People and organisations
- Head of state: Moshe Katzav
- Head of government: Ariel Sharon
- Member parties: Likud Labor-Meimad (until 2 November 2002) Shas Yisrael BaAliyah Yisrael Beiteinu Centre Party National Union Gesher New Way United Torah Judaism
- Status in legislature: Coalition government
- Opposition leader: Yossi Sarid (until 2 November 2002) Binyamin Ben-Eliezer (after 2 November 2002)

History
- Election: 2001 Israeli prime ministerial election
- Legislature term: 15th Knesset
- Predecessor: 28th government of Israel
- Successor: 30th government of Israel

= Twenty-ninth government of Israel =

2001–03 government led by Ariel Sharon

The twenty-ninth government of Israel was formed by Ariel Sharon on 7 March 2001, following his victory over Ehud Barak in the special election for Prime Minister in February.
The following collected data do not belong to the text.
lemma pmf_run_rev:
  assumes "\<forall>ps\<in>set pss. valid_proposal ps" "d \<ge> 1"
  shows "pmf (run d j (rev pss) (\<lambda>_ _. Unk)) (rev s) = pmf (run d j pss (\<lambda>_ _. Unk)) s"
proof -
  have empty: "unknown_from d j (\<lambda>_ _. Unk)"
    by (simp add: unknown_from_def)
  have "\<forall>ps\<in>set (rev pss). valid_proposal ps"
    using assms(1) by simp
  note pmf_run = pmf_run_eq_sum_path_weight[OF assms(1) empty]
    pmf_run_eq_sum_path_weight[OF this empty]
  show ?thesis
  proof (cases "length s = length pss")
    case True
    have "(\<Sum>cs\<in>choice_lists (length pss). path_weight d j (rev pss) (\<lambda>_ _. Unk) cs (rev s)) =
        (\<Sum>cs\<in>choice_lists (length pss). path_weight d j (rev pss) (\<lambda>_ _. Unk) (flip_rev cs) (rev s))"
      by (rule sum.reindex_bij_witness[where i = flip_rev and j = flip_rev])
        (auto simp: flip_rev_choice_lists)
    also have "\<dots> = (\<Sum>cs\<in>choice_lists (length pss). path_weight d j pss (\<lambda>_ _. Unk) cs s)"
      using assms True
      by (intro sum.cong refl path_weight_flip_rev) (auto simp: choice_lists_def)
    finally show ?thesis
      using True by (simp add: pmf_run)
  qed (simp add: pmf_run)
qed

lemma map_pmf_rev_run_rev:
  assumes "\<forall>ps\<in>set pss. valid_proposal ps" "d \<ge> 1"
  shows "map_pmf rev (run d j (rev pss) (\<lambda>_ _. Unk)) = run d j pss (\<lambda>_ _. Unk)"
proof (rule pmf_eqI)
  fix s
  show "pmf (map_pmf rev (run d j (rev pss) (\<lambda>_ _. Unk))) s = pmf (run d j pss (\<lambda>_ _. Unk)) s"
    using pmf_map_inj'[of rev _ "rev s"] pmf_run_rev[OF assms] by simp
qed

section \<open>Matched rounds are a largest separated set of selecting rounds\<close>

definition separated :: "nat \<Rightarrow> nat set \<Rightarrow> bool" where
  "separated d T \<longleftrightarrow> (\<forall>x\<in>T. \<forall>y\<in>T. x < y \<longrightarrow> x + d \<le> y)"

definition selecting_rounds :: "'v list \<Rightarrow> 'v \<Rightarrow> nat set" where
  "selecting_rounds sel i = {j. 1 \<le> j \<and> j \<le> length sel \<and> sel ! (j - 1) = i}"

definition matched_rounds :: "nat \<Rightarrow> 'v list \<Rightarrow> 'v \<Rightarrow> nat set" where
  "matched_rounds d sel i = {j \<in> {1..length sel}. matched d sel i j}"

declare matched.simps [simp del]

lemma matchedD:
  "matched d sel i j \<Longrightarrow>
    1 \<le> j \<and> j \<le> length sel \<and> sel ! (j - 1) = i \<and> (\<forall>t\<in>{j - d<..<j}. \<not> matched d sel i t)"
  by (subst (asm) matched.simps) blast

lemma matched_rounds_subset: "matched_rounds d sel i \<subseteq> selecting_rounds sel i"
  by (auto simp: matched_rounds_def selecting_rounds_def dest: matchedD)

lemma separated_matched_rounds: "separated d (matched_rounds d sel i)"
  unfolding separated_def
proof (intro ballI impI)
  fix x y
  assume "x \<in> matched_rounds d sel i" "y \<in> matched_rounds d sel i" "x < y"
  then have "matched d sel i x" "1 \<le> x" "x \<notin> {y - d<..<y}"
    using matchedD[of d sel i y] by (auto simp: matched_rounds_def)
  then show "x + d \<le> y"
    using \<open>x < y\<close> by auto
qed

text \<open>Greedy stays ahead on every prefix of rounds.\<close>

lemma card_separated_le_matched_upto:
  assumes "d \<ge> 1" "separated d T" "T \<subseteq> selecting_rounds sel i"
  shows "card (T \<inter> {1..k}) \<le> card (matched_rounds d sel i \<inter> {1..k})"
proof (induction k rule: less_induct)
  case (less k)
  let ?M = "matched_rounds d sel i"
  show ?case
  proof (cases "k \<in> T")
    case False
    show ?thesis
    proof (cases k)
      case (Suc k')
      then have "T \<inter> {1..k} = T \<inter> {1..k'}"
        using False by (auto simp: le_Suc_eq)
      then have "card (T \<inter> {1..k}) \<le> card (?M \<inter> {1..k'})"
        using less[of k'] Suc by simp
      also have "\<dots> \<le> card (?M \<inter> {1..k})"
        using Suc by (intro card_mono) auto
      finally show ?thesis .
    qed simp
  next
    case True
    have k: "1 \<le> k" "k \<le> length sel" "sel ! (k - 1) = i" "k - d < k"
      using True assms by (auto simp: selecting_rounds_def)
    have "T \<inter> {1..k} = insert k (T \<inter> {1..k - d})"
    proof (intro set_eqI iffI)
      fix x
      assume x: "x \<in> T \<inter> {1..k}"
      show "x \<in> insert k (T \<inter> {1..k - d})"
      proof (cases "x < k")
        case True
        then have "x + d \<le> k"
          using assms(2) x \<open>k \<in> T\<close> unfolding separated_def by blast
        then have "x \<le> k - d"
          by arith
        then show ?thesis
          using x by simp
      qed (use x in simp)
    qed (use True k in auto)
    then have "card (T \<inter> {1..k}) = Suc (card (T \<inter> {1..k - d}))"
      using k(4) by simp
    also have "\<dots> \<le> Suc (card (?M \<inter> {1..k - d}))"
      using less[OF k(4)] by simp
    also have "\<dots> \<le> card (?M \<inter> {1..k})"
    proof -
      obtain m where m: "m \<in> ?M" "k - d < m" "m \<le> k"
      proof (cases "\<exists>t\<in>{k - d<..<k}. matched d sel i t")
        case True
        then show ?thesis
          using that matchedD by (force simp: matched_rounds_def)
      next
        case False
        then have "matched d sel i k"
          using k by (subst matched.simps) blast
        then show ?thesis
          using that[of k] k by (auto simp: matched_rounds_def)
      qed
      then have "insert m (?M \<inter> {1..k - d}) \<subseteq> ?M \<inter> {1..k}"
        by (auto simp: matched_rounds_def)
      then have "card (insert m (?M \<inter> {1..k - d})) \<le> card (?M \<inter> {1..k})"
        by (intro card_mono) auto
      moreover have "m \<notin> ?M \<inter> {1..k - d}"
        using m by auto
      ultimately show ?thesis
        by simp
    qed
    finally show ?thesis .
  qed
qed

lemma card_separated_le_matched:
  assumes "d \<ge> 1" "separated d T" "T \<subseteq> selecting_rounds sel i"
  shows "card T \<le> card (matched_rounds d sel i)"
proof -
  have "T \<inter> {1..length sel} = T" "matched_rounds d sel i \<inter> {1..length sel} = matched_rounds d sel i"
    using assms(3) by (auto simp: selecting_rounds_def matched_rounds_def)
  then show ?thesis
    using card_separated_le_matched_upto[OF assms, of "length sel"] by simp
qed

lemma card_matched_rounds_rev_le:
  assumes "d \<ge> 1"
  shows "card (matched_rounds d (rev sel) i) \<le> card (matched_rounds d sel i)"
proof -
  let ?M = "matched_rounds d (rev sel) i"
  define mirror where "mirror x = length sel + 1 - x" for x
  have M: "1 \<le> x \<and> x \<le> length sel \<and> rev sel ! (x - 1) = i" if "x \<in> ?M" for x
    using that matched_rounds_subset by (force simp: selecting_rounds_def)
  have "inj_on mirror ?M"
    using M by (force simp: inj_on_def mirror_def)
  moreover have "mirror ` ?M \<subseteq> selecting_rounds sel i"
  proof
    fix y
    assume "y \<in> mirror ` ?M"
    then obtain x where "x \<in> ?M" "y = mirror x"
      by blast
    with M[OF this(1)] show "y \<in> selecting_rounds sel i"
      by (auto simp: selecting_rounds_def mirror_def rev_nth)
  qed
  moreover have "separated d (mirror ` ?M)"
    unfolding separated_def
  proof (intro ballI impI)
    fix a b
    assume "a \<in> mirror ` ?M" "b \<in> mirror ` ?M" "a < b"
    then obtain x y where "x \<in> ?M" "y \<in> ?M" "a = mirror x" "b = mirror y" "y < x"
      using M by (auto simp: mirror_def)
    then have "y + d \<le> x" "x \<le> length sel"
      using separated_matched_rounds[of d "rev sel" i] M unfolding separated_def by auto
    then show "a + d \<le> b"
      using \<open>a = mirror x\<close> \<open>b = mirror y\<close> by (simp add: mirror_def)
  qed
  ultimately show ?thesis
    using card_separated_le_matched[OF assms] by (metis card_image)
qed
It was the first, and to date only time an election for Prime Minister was held without parallel elections for the Knesset, and one of the first acts of the new government was to repeal the law which introduced separate elections. Despite his large margin of victory in the election, because there had been no Knesset elections, Sharon's Likud was not the largest party in the Knesset, resulting in the formation of a national unity coalition that at some point included Labor–Meimad (the largest faction in the Knesset), Shas, the Centre Party, the National Religious Party, United Torah Judaism, Yisrael BaAliyah, the National Union-Yisrael Beiteinu, the New Way and Gesher. Shas left the government on 23 May 2002, but returned on 3 June, whilst Labor–Meimad left on 2 November 2002.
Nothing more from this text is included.